Characterization of Fe₃O₄-NH₂

The SEM, VSM, XRD, and TEM of Fe₃O₄-NH₂ were recorded. The SEM of Fe₃O₄-NH₂ image has been shown in Fig. 1. Based on the results, the SEM image indicated that the size of Fe₃O₄-NH₂ was much smaller than that of naked particles, confirming the coating of 1, 6 hexanediamine [18].

Fig. 1

SEM image of Fe₃O₄ -NH₂

The magnetic hysteresis loops measured at room temperature has been illustrated in Fig. 2. The M–H curves showed that Fe₃O₄ and Fe₃O₄-NH₂ were essentially super-paramagnetic. Fe₃O₄-NH₂ and Fe₃O₄ have a magnetization saturation value of 73.25 and 91.57 emu g⁻¹, respectively. According to Fig. 3, the magnetic Fe₃O₄-NH₂ was dispersed in water. In addition, it could be collected by external magnetic field and be re-dispersed through slight shaking, making the solid and liquid phases separate easily.

Fig. 2

VSM magnetization curves of Fe₃O₄-NH₂ and Fe₃O₄

Fig. 3

Demonstration of magnetic separation at 30 s

The XRD patterns of Fe₃O₄-NH₂ have been shown in Fig. 4. In this study, the crystal structure and phase purity of Fe₃O₄-NH₂ were examined by XRD using a Cu Kd radiation (λ = 0.1541 nm) at 2^θ of 30.1°, 35.5°, 43.1°, 53.4°, 57.0°, and 62.6° corresponding to their indices; i.e., 220, 311, 400, 422, 511, and 440, at 30 kV and 30 mA. The particle size was obtained via XRD analysis through Debye-Sherrer’s formula [23]: D = K λ/β COS θ.

Fig. 4

XRD for Fe₃O₄-NH₂ and Fe₃O₄

Where λ is the wavelength of the X-rays, θ is the diffraction angle, and β is the corrected full width. The result of size distribution demonstrated that the size of the prepared Fe₃O₄-NH₂ was under 90 nm. Additionally, the sharp and strong peaks of the products revealed its appropriate crystallinity. Moreover, the six characteristic peaks of Fe₃O₄ showed that amino-groups did not cause any measureable alter in the phase property of Fe₃O₄ cores. Therefore, the amino-groups were fixed on the surface of Fe₃O₄ cores, making a core-shell structure. In other words, binding and amino-functionalization (NH₂) occurred only on the surface of Fe₃O₄ cores to form a core–shell structure [22].

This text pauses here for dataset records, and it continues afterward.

(* Let $M$ be a measure-many quantum finite automaton that uses both a left and a right end-marker. Then there exists a measure-many quantum finite automaton $M'$ that uses only a right end-marker and is equivalent to $M$, i.e. for every $x\in\Sigma^*$ the probability that $M$ accepts $x$ equals the probability that $M'$ accepts $x$.
   Context: A measure-many QFA (MM-QFA) over $\Sigma$ with one (right) end-marker is a tuple $(Q,\Sigma,\{U_\sigma\}_{\sigma\in\Sigma\cup\{\$\}},q_0,Q_{acc},Q_{rej})$ with $Q$ finite indexing an orthonormal basis of $\mathbb{C}^Q$, end-marker $\$\notin\Sigma$, unitary $U_\sigma$, initial state $q_0$, and $Q$ partitioned into $Q_{acc},Q_{rej},Q_{non}$ with orthogonal projections $P_{acc},P_{rej},P_{non}$. On input $x$ it processes the symbols of $x\$$ maintaining $(\psi,p_{acc},p_{rej})$, initially $(|q_0\rangle,0,0)$; on reading $\sigma$: $\psi'=U_\sigma\psi$, $p_{acc}\mathrel{+}=\|P_{acc}\psi'\|^2$, $p_{rej}\mathrel{+}=\|P_{rej}\psi'\|^2$, $\psi\leftarrow P_{non}\psi'$; the acceptance probability is the final $p_{acc}$. An MM-QFA with both end-markers additionally has a unitary $U_{¢}$ for a left end-marker ${¢}\notin\Sigma\cup\{\$\}$ and processes ${¢}x\$$ in the same way (including the measurement after reading ${¢}$). *)

theory Defs
  imports Complex_Main
begin

text \<open>States of an automaton with n basis states are the indices {0..<n};
  vectors of C^Q are functions nat => complex (only entries below n matter),
  operators are n x n matrices given as functions nat => nat => complex.\<close>

definition mvec :: "nat \<Rightarrow> (nat \<Rightarrow> nat \<Rightarrow> complex) \<Rightarrow> (nat \<Rightarrow> complex) \<Rightarrow> (nat \<Rightarrow> complex)" where
  "mvec n U v = (\<lambda>i. if i < n then (\<Sum>j<n. U i j * v j) else 0)"

definition unitary_mat :: "nat \<Rightarrow> (nat \<Rightarrow> nat \<Rightarrow> complex) \<Rightarrow> bool" where
  "unitary_mat n U \<longleftrightarrow>
     (\<forall>i<n. \<forall>k<n. (\<Sum>j<n. cnj (U j i) * U j k) = (if i = k then 1 else 0)) \<and>
     (\<forall>i<n. \<forall>k<n. (\<Sum>j<n. U i j * cnj (U k j)) = (if i = k then 1 else 0))"

definition proj :: "nat set \<Rightarrow> (nat \<Rightarrow> complex) \<Rightarrow> (nat \<Rightarrow> complex)" where
  "proj S v = (\<lambda>i. if i \<in> S then v i else 0)"

definition sqnorm :: "nat \<Rightarrow> (nat \<Rightarrow> complex) \<Rightarrow> real" where
  "sqnorm n v = (\<Sum>i<n. (cmod (v i))^2)"

text \<open>One step of an MM-QFA: apply the unitary, measure, keep the non-halting part.
  The configuration is (psi, p_acc, p_rej).\<close>
definition mm_step :: "nat \<Rightarrow> nat set \<Rightarrow> nat set \<Rightarrow>
    (nat \<Rightarrow> complex) \<times> real \<times> real \<Rightarrow> (nat \<Rightarrow> nat \<Rightarrow> complex) \<Rightarrow> (nat \<Rightarrow> complex) \<times> real \<times> real" where
  "mm_step n Acc Rej c U =
     (let \<psi>' = mvec n U (fst c);
          Non = {..<n} - Acc - Rej
      in (proj Non \<psi>',
          fst (snd c) + sqnorm n (proj Acc \<psi>'),
          snd (snd c) + sqnorm n (proj Rej \<psi>')))"

definition mm_acc_run :: "nat \<Rightarrow> nat \<Rightarrow> nat set \<Rightarrow> nat set \<Rightarrow> (nat \<Rightarrow> nat \<Rightarrow> complex) list \<Rightarrow> real" where
  "mm_acc_run n q0 Acc Rej Us =
     fst (snd (foldl (mm_step n Acc Rej) ((\<lambda>i. if i = q0 then 1 else 0), 0, 0) Us))"

text \<open>MM-QFA with one (right) end-marker over alphabet 'a:
  n states {0..<n}, unitaries U (Some a) for letters a and U None for the end-marker \$,
  initial state q0, accepting states Acc, rejecting states Rej.\<close>
definition mmqfa1 :: "nat \<Rightarrow> ('a option \<Rightarrow> nat \<Rightarrow> nat \<Rightarrow> complex) \<Rightarrow> nat \<Rightarrow> nat set \<Rightarrow> nat set \<Rightarrow> bool" where
  "mmqfa1 n U q0 Acc Rej \<longleftrightarrow> q0 < n \<and> Acc \<subseteq> {..<n} \<and> Rej \<subseteq> {..<n} \<and> Acc \<inter> Rej = {} \<and>
     (\<forall>\<sigma>. unitary_mat n (U \<sigma>))"

definition acc1 :: "nat \<Rightarrow> ('a option \<Rightarrow> nat \<Rightarrow> nat \<Rightarrow> complex) \<Rightarrow> nat \<Rightarrow> nat set \<Rightarrow> nat set \<Rightarrow> 'a list \<Rightarrow> real" where
  "acc1 n U q0 Acc Rej x = mm_acc_run n q0 Acc Rej (map (\<lambda>a. U (Some a)) x @ [U None])"

text \<open>MM-QFA with both end-markers: additionally a unitary Uc for the left end-marker,
  processing the input (left marker) x \$.\<close>
definition mmqfa2 :: "nat \<Rightarrow> (nat \<Rightarrow> nat \<Rightarrow> complex) \<Rightarrow> ('a option \<Rightarrow> nat \<Rightarrow> nat \<Rightarrow> complex) \<Rightarrow> nat \<Rightarrow> nat set \<Rightarrow> nat set \<Rightarrow> bool" where
  "mmqfa2 n Uc U q0 Acc Rej \<longleftrightarrow> unitary_mat n Uc \<and> mmqfa1 n U q0 Acc Rej"

definition acc2 :: "nat \<Rightarrow> (nat \<Rightarrow> nat \<Rightarrow> complex) \<Rightarrow> ('a option \<Rightarrow> nat \<Rightarrow> nat \<Rightarrow> complex) \<Rightarrow> nat \<Rightarrow> nat set \<Rightarrow> nat set \<Rightarrow> 'a list \<Rightarrow> real" where
  "acc2 n Uc U q0 Acc Rej x = mm_acc_run n q0 Acc Rej (Uc # map (\<lambda>a. U (Some a)) x @ [U None])"

end

theory Submission
  imports Defs
begin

The TEM image of Fe₃O₄-NH₂ has been shown in Fig. 5. Accordingly, Fe₃O₄-NH₂ particles were multi-dispersed with an average diameter of around 25 nm. It has been reported that magnetic particles of less than 30 nm would show paramagnetism [24].

Fig. 5

TEM image of Fe₃O₄-NH₂

The effect of initial concentration and pH on the adsorption properties and zeta potential analyses

The effect of initial concentration on the adsorption properties was intensively studied for Fe₃O₄-NH₂ by varying C₀ of Cr (VI) and Ni (II) ions at 5, 25, 50, and 100 mg L⁻¹. The results have been presented in Figs. 6 and 7. Under corresponding pH values from 2.0 to 9.0, the adsorption efficiency of Cr (VI) and Ni (II) respectively decreased and increased with increase in the initial Cr (VI) and Ni (II) concentrations. Accordingly, the percentage of uptake of Cr (VI) and Ni (II) ions at the Fe₃O₄-NH₂ concentration of 5 mg L⁻¹ decreased from 98.02 to 36.85 % for Cr (VI) and increased from 46.21 to 93.03 % for Ni (II) with increasing the pH from 2.0 to 9.0. This can be justified by the fact that for a fixed adsorbent dosage, the total available adsorption sites would be relatively settled. Thus, increasing the initial Cr (VI) and Ni (II) concentrations led to a decrease in the adsorption percentage of the adsorbate [25].

Fig. 6

The effect of pH on the adsorption of Ni (II) onto Fe₃O₄-NH₂ at different initial concentrations

Fig. 7

The effect of pH on the adsorption of Cr (VI) onto Fe₃O₄-NH₂ at different initial concentrations

To assess the effect of pH, the study was conducted from pH 2 to 9 for both Cr (VI) and Ni (II) ions. The maximum sorption was perceived at pH = 6 for Ni (II), but at pH = 3 for Cr (VI). The adsorption of Cr (VI) at lower pH levels was also observed in other magnetic materials, such as the mesoporous magnetic ɤ-Fe₂O₃ [26]. pH value affected the adsorption efficiency due to its influence on the amino-groups modified on the surface of Fe₃O₄-NH₂. The plot of pH initial vs. pH final depicted that the pHzpc was 5.8 for Fe₃O₄–NH₂. Hence, at pH >5.8, the surface charge of Fe₃O₄-NH₂ was negative and the electrostatic interactions between the metal ions and the adsorbent enhanced. Considering Ni (II), the interaction between the adsorbents and the Ni (II) ions might be defined by Equations 1–5 [14, 27].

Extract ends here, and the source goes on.